(* Let $o_{n,i}$ be the probability that a random Bernoulli text of length $n$ contains exactly $i$ clumps of $w$. Then $$\sum_{n,i\ge0}o_{n,i}\,u^i z^n=N(z)+\frac{u\,R(z)\,U(z)}{1-u\,M(z)+(u-1)K(z)}.$$
   Context: Let $\mathcal{A}$ be a finite alphabet with $|\mathcal{A}|\ge2$ and $w\in\mathcal{A}^*$ a fixed word of length $\ell=|w|\ge 2$. Bernoulli model: each letter $a$ has probability $p_a>0$, $\sum_a p_a=1$, $\mathbf{P}(a_1\cdots a_n)=\prod_i p_{a_i}$; for a language $L$, $L(z)=\sum_{x\in L}\mathbf{P}(x)z^{|x|}$; $\pi_w=\mathbf{P}(w)$. Occurrences of $w$ are position intervals where $w$ appears; two occurrences overlap if their intervals share a position; clumps are equivalence classes of occurrences under the transitive closure of overlapping. Autocorrelation set $\mathcal{C}=\{\epsilon\}\cup\{e\in\mathcal{A}^+: |e|<\ell,\ \exists e'\in\mathcal{A}^+,\ we=e'w\}$, $\mathcal{C}_\circ=\mathcal{C}\setminus\{\epsilon\}$, $\mathcal{K}=\mathcal{C}_\circ\setminus\mathcal{C}_\circ\mathcal{A}^+$ with generating function $K(z)$. Languages: $\mathcal{R}=\{r\in\mathcal{A}^*w: \text{no } r=xwy,\ |y|>0\}$; $\mathcal{M}=\{m\in\mathcal{A}^+: wm\in\mathcal{A}^*w,\ \text{no } wm=xwy,\ |x|>0,|y|>0\}$; $\mathcal{U}=\{u\in\mathcal{A}^*: \text{no } wu=xwy,\ |x|>0\}$; $\mathcal{N}=\{n: w\text{ not a factor of }n\}$, with generating functions $R(z),M(z),U(z),N(z)$; explicitly, with $C(z)$ the generating function of $\mathcal{C}$ and $D(z)=\pi_w z^{\ell}+(1-z)C(z)$: $R=\pi_w z^\ell/D$, $M=1+(z-1)/D$, $U=1/D$, $N=C/D$. *)

theory Defs
  imports "HOL-Computational_Algebra.Formal_Power_Series"
begin

definition wprob :: "('a \<Rightarrow> real) \<Rightarrow> 'a list \<Rightarrow> real" where
  "wprob p x = prod_list (map p x)"

definition lang_gf :: "('a::finite \<Rightarrow> real) \<Rightarrow> 'a list set \<Rightarrow> real fps" where
  "lang_gf p L = Abs_fps (\<lambda>n. \<Sum>x\<in>{x. x \<in> L \<and> length x = n}. wprob p x)"

definition occs :: "'a list \<Rightarrow> 'a list \<Rightarrow> nat set" where
  "occs w x = {i. i + length w \<le> length x \<and> take (length w) (drop i x) = w}"

definition overlap_rel :: "'a list \<Rightarrow> 'a list \<Rightarrow> (nat \<times> nat) set" where
  "overlap_rel w x = {(i, j). i \<in> occs w x \<and> j \<in> occs w x \<and>
      (\<exists>k. i \<le> k \<and> k < i + length w \<and> j \<le> k \<and> k < j + length w)}"

definition clumps :: "'a list \<Rightarrow> 'a list \<Rightarrow> nat set set" where
  "clumps w x = occs w x // (overlap_rel w x)\<^sup>*"

definition clump_prob :: "('a::finite \<Rightarrow> real) \<Rightarrow> 'a list \<Rightarrow> nat \<Rightarrow> nat \<Rightarrow> real" where
  "clump_prob p w n i = (\<Sum>x\<in>{x. length x = n \<and> card (clumps w x) = i}. wprob p x)"

definition autocorr :: "'a list \<Rightarrow> 'a list set" where
  "autocorr w = {[]} \<union> {e. e \<noteq> [] \<and> length e < length w \<and>
                          (\<exists>e'. e' \<noteq> [] \<and> w @ e = e' @ w)}"

definition autocorr0 :: "'a list \<Rightarrow> 'a list set" where
  "autocorr0 w = autocorr w - {[]}"

definition langK :: "'a list \<Rightarrow> 'a list set" where
  "langK w = autocorr0 w - {c @ y | c y. c \<in> autocorr0 w \<and> y \<noteq> []}"

definition langR :: "'a list \<Rightarrow> 'a list set" where
  "langR w = {r. (\<exists>x. r = x @ w) \<and> \<not> (\<exists>x y. r = x @ w @ y \<and> y \<noteq> [])}"

definition langM :: "'a list \<Rightarrow> 'a list set" where
  "langM w = {m. m \<noteq> [] \<and> (\<exists>x. w @ m = x @ w) \<and>
                 \<not> (\<exists>x y. w @ m = x @ w @ y \<and> x \<noteq> [] \<and> y \<noteq> [])}"

definition langU :: "'a list \<Rightarrow> 'a list set" where
  "langU w = {u. \<not> (\<exists>x y. w @ u = x @ w @ y \<and> x \<noteq> [])}"

definition langN :: "'a list \<Rightarrow> 'a list set" where
  "langN w = {n. \<not> (\<exists>x y. n = x @ w @ y)}"

end

theory Submission
  imports Defs
begin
-=-=-=-=-
**Required work:**
Print the complete listing again, exactly as it stands.

**Output of the exercise:**
(* Let $o_{n,i}$ be the probability that a random Bernoulli text of length $n$ contains exactly $i$ clumps of $w$. Then $$\sum_{n,i\ge0}o_{n,i}\,u^i z^n=N(z)+\frac{u\,R(z)\,U(z)}{1-u\,M(z)+(u-1)K(z)}.$$
   Context: Let $\mathcal{A}$ be a finite alphabet with $|\mathcal{A}|\ge2$ and $w\in\mathcal{A}^*$ a fixed word of length $\ell=|w|\ge 2$. Bernoulli model: each letter $a$ has probability $p_a>0$, $\sum_a p_a=1$, $\mathbf{P}(a_1\cdots a_n)=\prod_i p_{a_i}$; for a language $L$, $L(z)=\sum_{x\in L}\mathbf{P}(x)z^{|x|}$; $\pi_w=\mathbf{P}(w)$. Occurrences of $w$ are position intervals where $w$ appears; two occurrences overlap if their intervals share a position; clumps are equivalence classes of occurrences under the transitive closure of overlapping. Autocorrelation set $\mathcal{C}=\{\epsilon\}\cup\{e\in\mathcal{A}^+: |e|<\ell,\ \exists e'\in\mathcal{A}^+,\ we=e'w\}$, $\mathcal{C}_\circ=\mathcal{C}\setminus\{\epsilon\}$, $\mathcal{K}=\mathcal{C}_\circ\setminus\mathcal{C}_\circ\mathcal{A}^+$ with generating function $K(z)$. Languages: $\mathcal{R}=\{r\in\mathcal{A}^*w: \text{no } r=xwy,\ |y|>0\}$; $\mathcal{M}=\{m\in\mathcal{A}^+: wm\in\mathcal{A}^*w,\ \text{no } wm=xwy,\ |x|>0,|y|>0\}$; $\mathcal{U}=\{u\in\mathcal{A}^*: \text{no } wu=xwy,\ |x|>0\}$; $\mathcal{N}=\{n: w\text{ not a factor of }n\}$, with generating functions $R(z),M(z),U(z),N(z)$; explicitly, with $C(z)$ the generating function of $\mathcal{C}$ and $D(z)=\pi_w z^{\ell}+(1-z)C(z)$: $R=\pi_w z^\ell/D$, $M=1+(z-1)/D$, $U=1/D$, $N=C/D$. *)

theory Defs
  imports "HOL-Computational_Algebra.Formal_Power_Series"
begin

definition wprob :: "('a \<Rightarrow> real) \<Rightarrow> 'a list \<Rightarrow> real" where
  "wprob p x = prod_list (map p x)"

definition lang_gf :: "('a::finite \<Rightarrow> real) \<Rightarrow> 'a list set \<Rightarrow> real fps" where
  "lang_gf p L = Abs_fps (\<lambda>n. \<Sum>x\<in>{x. x \<in> L \<and> length x = n}. wprob p x)"

definition occs :: "'a list \<Rightarrow> 'a list \<Rightarrow> nat set" where
  "occs w x = {i. i + length w \<le> length x \<and> take (length w) (drop i x) = w}"

definition overlap_rel :: "'a list \<Rightarrow> 'a list \<Rightarrow> (nat \<times> nat) set" where
  "overlap_rel w x = {(i, j). i \<in> occs w x \<and> j \<in> occs w x \<and>
      (\<exists>k. i \<le> k \<and> k < i + length w \<and> j \<le> k \<and> k < j + length w)}"

definition clumps :: "'a list \<Rightarrow> 'a list \<Rightarrow> nat set set" where
  "clumps w x = occs w x // (overlap_rel w x)\<^sup>*"

definition clump_prob :: "('a::finite \<Rightarrow> real) \<Rightarrow> 'a list \<Rightarrow> nat \<Rightarrow> nat \<Rightarrow> real" where
  "clump_prob p w n i = (\<Sum>x\<in>{x. length x = n \<and> card (clumps w x) = i}. wprob p x)"

definition autocorr :: "'a list \<Rightarrow> 'a list set" where
  "autocorr w = {[]} \<union> {e. e \<noteq> [] \<and> length e < length w \<and>
                          (\<exists>e'. e' \<noteq> [] \<and> w @ e = e' @ w)}"

definition autocorr0 :: "'a list \<Rightarrow> 'a list set" where
  "autocorr0 w = autocorr w - {[]}"

definition langK :: "'a list \<Rightarrow> 'a list set" where
  "langK w = autocorr0 w - {c @ y | c y. c \<in> autocorr0 w \<and> y \<noteq> []}"

definition langR :: "'a list \<Rightarrow> 'a list set" where
  "langR w = {r. (\<exists>x. r = x @ w) \<and> \<not> (\<exists>x y. r = x @ w @ y \<and> y \<noteq> [])}"

definition langM :: "'a list \<Rightarrow> 'a list set" where
  "langM w = {m. m \<noteq> [] \<and> (\<exists>x. w @ m = x @ w) \<and>
                 \<not> (\<exists>x y. w @ m = x @ w @ y \<and> x \<noteq> [] \<and> y \<noteq> [])}"

definition langU :: "'a list \<Rightarrow> 'a list set" where
  "langU w = {u. \<not> (\<exists>x y. w @ u = x @ w @ y \<and> x \<noteq> [])}"

definition langN :: "'a list \<Rightarrow> 'a list set" where
  "langN w = {n. \<not> (\<exists>x y. n = x @ w @ y)}"

end

theory Submission
  imports Defs
begin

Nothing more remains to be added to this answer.